§ TASK DESCRIPTION:
Output the records exactly, with no line skipped.

§ TASK INPUTS:
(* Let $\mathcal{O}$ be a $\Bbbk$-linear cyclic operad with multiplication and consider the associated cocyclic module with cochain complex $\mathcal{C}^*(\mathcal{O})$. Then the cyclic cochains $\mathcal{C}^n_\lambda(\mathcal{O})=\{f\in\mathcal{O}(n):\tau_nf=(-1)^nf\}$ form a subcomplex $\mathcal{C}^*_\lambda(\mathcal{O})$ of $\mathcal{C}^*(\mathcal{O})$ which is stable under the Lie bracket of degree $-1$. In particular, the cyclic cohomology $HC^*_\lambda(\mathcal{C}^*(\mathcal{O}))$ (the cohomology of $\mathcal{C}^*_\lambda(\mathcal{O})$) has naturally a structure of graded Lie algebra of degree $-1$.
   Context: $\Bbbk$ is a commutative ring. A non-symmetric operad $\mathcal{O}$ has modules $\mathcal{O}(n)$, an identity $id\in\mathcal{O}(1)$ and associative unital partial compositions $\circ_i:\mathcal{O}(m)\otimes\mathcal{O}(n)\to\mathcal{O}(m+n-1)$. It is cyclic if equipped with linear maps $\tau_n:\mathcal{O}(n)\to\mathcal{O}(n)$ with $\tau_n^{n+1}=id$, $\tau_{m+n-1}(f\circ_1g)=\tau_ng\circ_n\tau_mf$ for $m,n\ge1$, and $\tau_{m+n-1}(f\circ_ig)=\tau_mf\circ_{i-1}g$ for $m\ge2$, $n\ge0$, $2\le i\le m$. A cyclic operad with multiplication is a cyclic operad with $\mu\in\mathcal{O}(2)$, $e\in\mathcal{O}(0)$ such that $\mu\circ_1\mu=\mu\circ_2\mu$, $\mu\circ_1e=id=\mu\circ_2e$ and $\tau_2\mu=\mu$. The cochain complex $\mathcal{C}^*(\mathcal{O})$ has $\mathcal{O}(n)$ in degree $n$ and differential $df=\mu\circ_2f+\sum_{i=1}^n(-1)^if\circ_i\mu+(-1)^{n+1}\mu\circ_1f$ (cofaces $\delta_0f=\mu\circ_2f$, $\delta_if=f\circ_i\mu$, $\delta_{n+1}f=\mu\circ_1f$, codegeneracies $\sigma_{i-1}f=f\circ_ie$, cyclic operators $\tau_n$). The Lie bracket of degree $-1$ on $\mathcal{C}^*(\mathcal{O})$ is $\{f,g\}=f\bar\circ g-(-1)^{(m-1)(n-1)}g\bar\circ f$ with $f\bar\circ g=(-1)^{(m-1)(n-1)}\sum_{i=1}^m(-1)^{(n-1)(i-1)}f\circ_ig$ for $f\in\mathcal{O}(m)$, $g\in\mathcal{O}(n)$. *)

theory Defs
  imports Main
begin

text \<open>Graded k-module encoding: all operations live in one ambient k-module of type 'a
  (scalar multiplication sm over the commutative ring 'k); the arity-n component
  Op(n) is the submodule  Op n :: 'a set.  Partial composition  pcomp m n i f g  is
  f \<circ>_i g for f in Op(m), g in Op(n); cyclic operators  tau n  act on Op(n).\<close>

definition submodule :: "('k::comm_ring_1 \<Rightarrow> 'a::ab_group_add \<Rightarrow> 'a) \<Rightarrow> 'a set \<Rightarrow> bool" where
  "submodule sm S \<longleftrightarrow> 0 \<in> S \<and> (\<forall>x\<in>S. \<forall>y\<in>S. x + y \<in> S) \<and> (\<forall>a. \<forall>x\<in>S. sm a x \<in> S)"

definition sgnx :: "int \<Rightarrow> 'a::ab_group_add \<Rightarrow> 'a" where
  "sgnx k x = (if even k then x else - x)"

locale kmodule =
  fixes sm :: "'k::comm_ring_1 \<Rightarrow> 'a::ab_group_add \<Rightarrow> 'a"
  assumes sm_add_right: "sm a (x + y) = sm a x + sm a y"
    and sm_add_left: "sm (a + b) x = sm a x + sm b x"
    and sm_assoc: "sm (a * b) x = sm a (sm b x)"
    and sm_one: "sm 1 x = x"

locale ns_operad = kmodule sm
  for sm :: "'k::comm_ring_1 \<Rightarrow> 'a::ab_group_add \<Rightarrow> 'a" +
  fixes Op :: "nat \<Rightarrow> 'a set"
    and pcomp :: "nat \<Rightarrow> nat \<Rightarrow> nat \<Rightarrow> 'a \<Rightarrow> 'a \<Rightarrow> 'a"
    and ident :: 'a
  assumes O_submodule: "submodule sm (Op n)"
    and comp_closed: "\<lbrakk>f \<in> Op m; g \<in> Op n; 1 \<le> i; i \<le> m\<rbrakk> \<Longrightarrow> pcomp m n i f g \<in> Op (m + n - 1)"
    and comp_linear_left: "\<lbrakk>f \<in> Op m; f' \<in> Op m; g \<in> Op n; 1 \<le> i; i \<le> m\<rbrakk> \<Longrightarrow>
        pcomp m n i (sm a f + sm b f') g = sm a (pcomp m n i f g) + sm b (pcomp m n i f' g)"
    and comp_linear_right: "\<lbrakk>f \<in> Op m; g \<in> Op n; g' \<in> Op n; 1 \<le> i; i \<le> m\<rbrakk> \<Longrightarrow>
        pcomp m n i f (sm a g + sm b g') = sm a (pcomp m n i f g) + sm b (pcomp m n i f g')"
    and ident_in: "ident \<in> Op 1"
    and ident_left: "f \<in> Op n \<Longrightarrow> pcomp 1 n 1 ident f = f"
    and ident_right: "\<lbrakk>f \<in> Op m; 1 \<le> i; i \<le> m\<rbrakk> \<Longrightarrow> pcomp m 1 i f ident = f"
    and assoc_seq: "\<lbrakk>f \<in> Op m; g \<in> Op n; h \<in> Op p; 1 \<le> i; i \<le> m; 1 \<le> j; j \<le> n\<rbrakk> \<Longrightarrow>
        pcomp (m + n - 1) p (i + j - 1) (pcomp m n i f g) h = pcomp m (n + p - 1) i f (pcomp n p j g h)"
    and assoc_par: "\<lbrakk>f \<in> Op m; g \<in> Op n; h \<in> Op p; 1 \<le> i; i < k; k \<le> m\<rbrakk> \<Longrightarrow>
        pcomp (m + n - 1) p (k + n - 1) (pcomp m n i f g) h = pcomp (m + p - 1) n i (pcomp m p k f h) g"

§ TASK SOLUTION:
(* Let $\mathcal{O}$ be a $\Bbbk$-linear cyclic operad with multiplication and consider the associated cocyclic module with cochain complex $\mathcal{C}^*(\mathcal{O})$. Then the cyclic cochains $\mathcal{C}^n_\lambda(\mathcal{O})=\{f\in\mathcal{O}(n):\tau_nf=(-1)^nf\}$ form a subcomplex $\mathcal{C}^*_\lambda(\mathcal{O})$ of $\mathcal{C}^*(\mathcal{O})$ which is stable under the Lie bracket of degree $-1$. In particular, the cyclic cohomology $HC^*_\lambda(\mathcal{C}^*(\mathcal{O}))$ (the cohomology of $\mathcal{C}^*_\lambda(\mathcal{O})$) has naturally a structure of graded Lie algebra of degree $-1$.
   Context: $\Bbbk$ is a commutative ring. A non-symmetric operad $\mathcal{O}$ has modules $\mathcal{O}(n)$, an identity $id\in\mathcal{O}(1)$ and associative unital partial compositions $\circ_i:\mathcal{O}(m)\otimes\mathcal{O}(n)\to\mathcal{O}(m+n-1)$. It is cyclic if equipped with linear maps $\tau_n:\mathcal{O}(n)\to\mathcal{O}(n)$ with $\tau_n^{n+1}=id$, $\tau_{m+n-1}(f\circ_1g)=\tau_ng\circ_n\tau_mf$ for $m,n\ge1$, and $\tau_{m+n-1}(f\circ_ig)=\tau_mf\circ_{i-1}g$ for $m\ge2$, $n\ge0$, $2\le i\le m$. A cyclic operad with multiplication is a cyclic operad with $\mu\in\mathcal{O}(2)$, $e\in\mathcal{O}(0)$ such that $\mu\circ_1\mu=\mu\circ_2\mu$, $\mu\circ_1e=id=\mu\circ_2e$ and $\tau_2\mu=\mu$. The cochain complex $\mathcal{C}^*(\mathcal{O})$ has $\mathcal{O}(n)$ in degree $n$ and differential $df=\mu\circ_2f+\sum_{i=1}^n(-1)^if\circ_i\mu+(-1)^{n+1}\mu\circ_1f$ (cofaces $\delta_0f=\mu\circ_2f$, $\delta_if=f\circ_i\mu$, $\delta_{n+1}f=\mu\circ_1f$, codegeneracies $\sigma_{i-1}f=f\circ_ie$, cyclic operators $\tau_n$). The Lie bracket of degree $-1$ on $\mathcal{C}^*(\mathcal{O})$ is $\{f,g\}=f\bar\circ g-(-1)^{(m-1)(n-1)}g\bar\circ f$ with $f\bar\circ g=(-1)^{(m-1)(n-1)}\sum_{i=1}^m(-1)^{(n-1)(i-1)}f\circ_ig$ for $f\in\mathcal{O}(m)$, $g\in\mathcal{O}(n)$. *)

theory Defs
  imports Main
begin

text \<open>Graded k-module encoding: all operations live in one ambient k-module of type 'a
  (scalar multiplication sm over the commutative ring 'k); the arity-n component
  Op(n) is the submodule  Op n :: 'a set.  Partial composition  pcomp m n i f g  is
  f \<circ>_i g for f in Op(m), g in Op(n); cyclic operators  tau n  act on Op(n).\<close>

definition submodule :: "('k::comm_ring_1 \<Rightarrow> 'a::ab_group_add \<Rightarrow> 'a) \<Rightarrow> 'a set \<Rightarrow> bool" where
  "submodule sm S \<longleftrightarrow> 0 \<in> S \<and> (\<forall>x\<in>S. \<forall>y\<in>S. x + y \<in> S) \<and> (\<forall>a. \<forall>x\<in>S. sm a x \<in> S)"

definition sgnx :: "int \<Rightarrow> 'a::ab_group_add \<Rightarrow> 'a" where
  "sgnx k x = (if even k then x else - x)"

locale kmodule =
  fixes sm :: "'k::comm_ring_1 \<Rightarrow> 'a::ab_group_add \<Rightarrow> 'a"
  assumes sm_add_right: "sm a (x + y) = sm a x + sm a y"
    and sm_add_left: "sm (a + b) x = sm a x + sm b x"
    and sm_assoc: "sm (a * b) x = sm a (sm b x)"
    and sm_one: "sm 1 x = x"

locale ns_operad = kmodule sm
  for sm :: "'k::comm_ring_1 \<Rightarrow> 'a::ab_group_add \<Rightarrow> 'a" +
  fixes Op :: "nat \<Rightarrow> 'a set"
    and pcomp :: "nat \<Rightarrow> nat \<Rightarrow> nat \<Rightarrow> 'a \<Rightarrow> 'a \<Rightarrow> 'a"
    and ident :: 'a
  assumes O_submodule: "submodule sm (Op n)"
    and comp_closed: "\<lbrakk>f \<in> Op m; g \<in> Op n; 1 \<le> i; i \<le> m\<rbrakk> \<Longrightarrow> pcomp m n i f g \<in> Op (m + n - 1)"
    and comp_linear_left: "\<lbrakk>f \<in> Op m; f' \<in> Op m; g \<in> Op n; 1 \<le> i; i \<le> m\<rbrakk> \<Longrightarrow>
        pcomp m n i (sm a f + sm b f') g = sm a (pcomp m n i f g) + sm b (pcomp m n i f' g)"
    and comp_linear_right: "\<lbrakk>f \<in> Op m; g \<in> Op n; g' \<in> Op n; 1 \<le> i; i \<le> m\<rbrakk> \<Longrightarrow>
        pcomp m n i f (sm a g + sm b g') = sm a (pcomp m n i f g) + sm b (pcomp m n i f g')"
    and ident_in: "ident \<in> Op 1"
    and ident_left: "f \<in> Op n \<Longrightarrow> pcomp 1 n 1 ident f = f"
    and ident_right: "\<lbrakk>f \<in> Op m; 1 \<le> i; i \<le> m\<rbrakk> \<Longrightarrow> pcomp m 1 i f ident = f"
    and assoc_seq: "\<lbrakk>f \<in> Op m; g \<in> Op n; h \<in> Op p; 1 \<le> i; i \<le> m; 1 \<le> j; j \<le> n\<rbrakk> \<Longrightarrow>
        pcomp (m + n - 1) p (i + j - 1) (pcomp m n i f g) h = pcomp m (n + p - 1) i f (pcomp n p j g h)"
    and assoc_par: "\<lbrakk>f \<in> Op m; g \<in> Op n; h \<in> Op p; 1 \<le> i; i < k; k \<le> m\<rbrakk> \<Longrightarrow>
        pcomp (m + n - 1) p (k + n - 1) (pcomp m n i f g) h = pcomp (m + p - 1) n i (pcomp m p k f h) g"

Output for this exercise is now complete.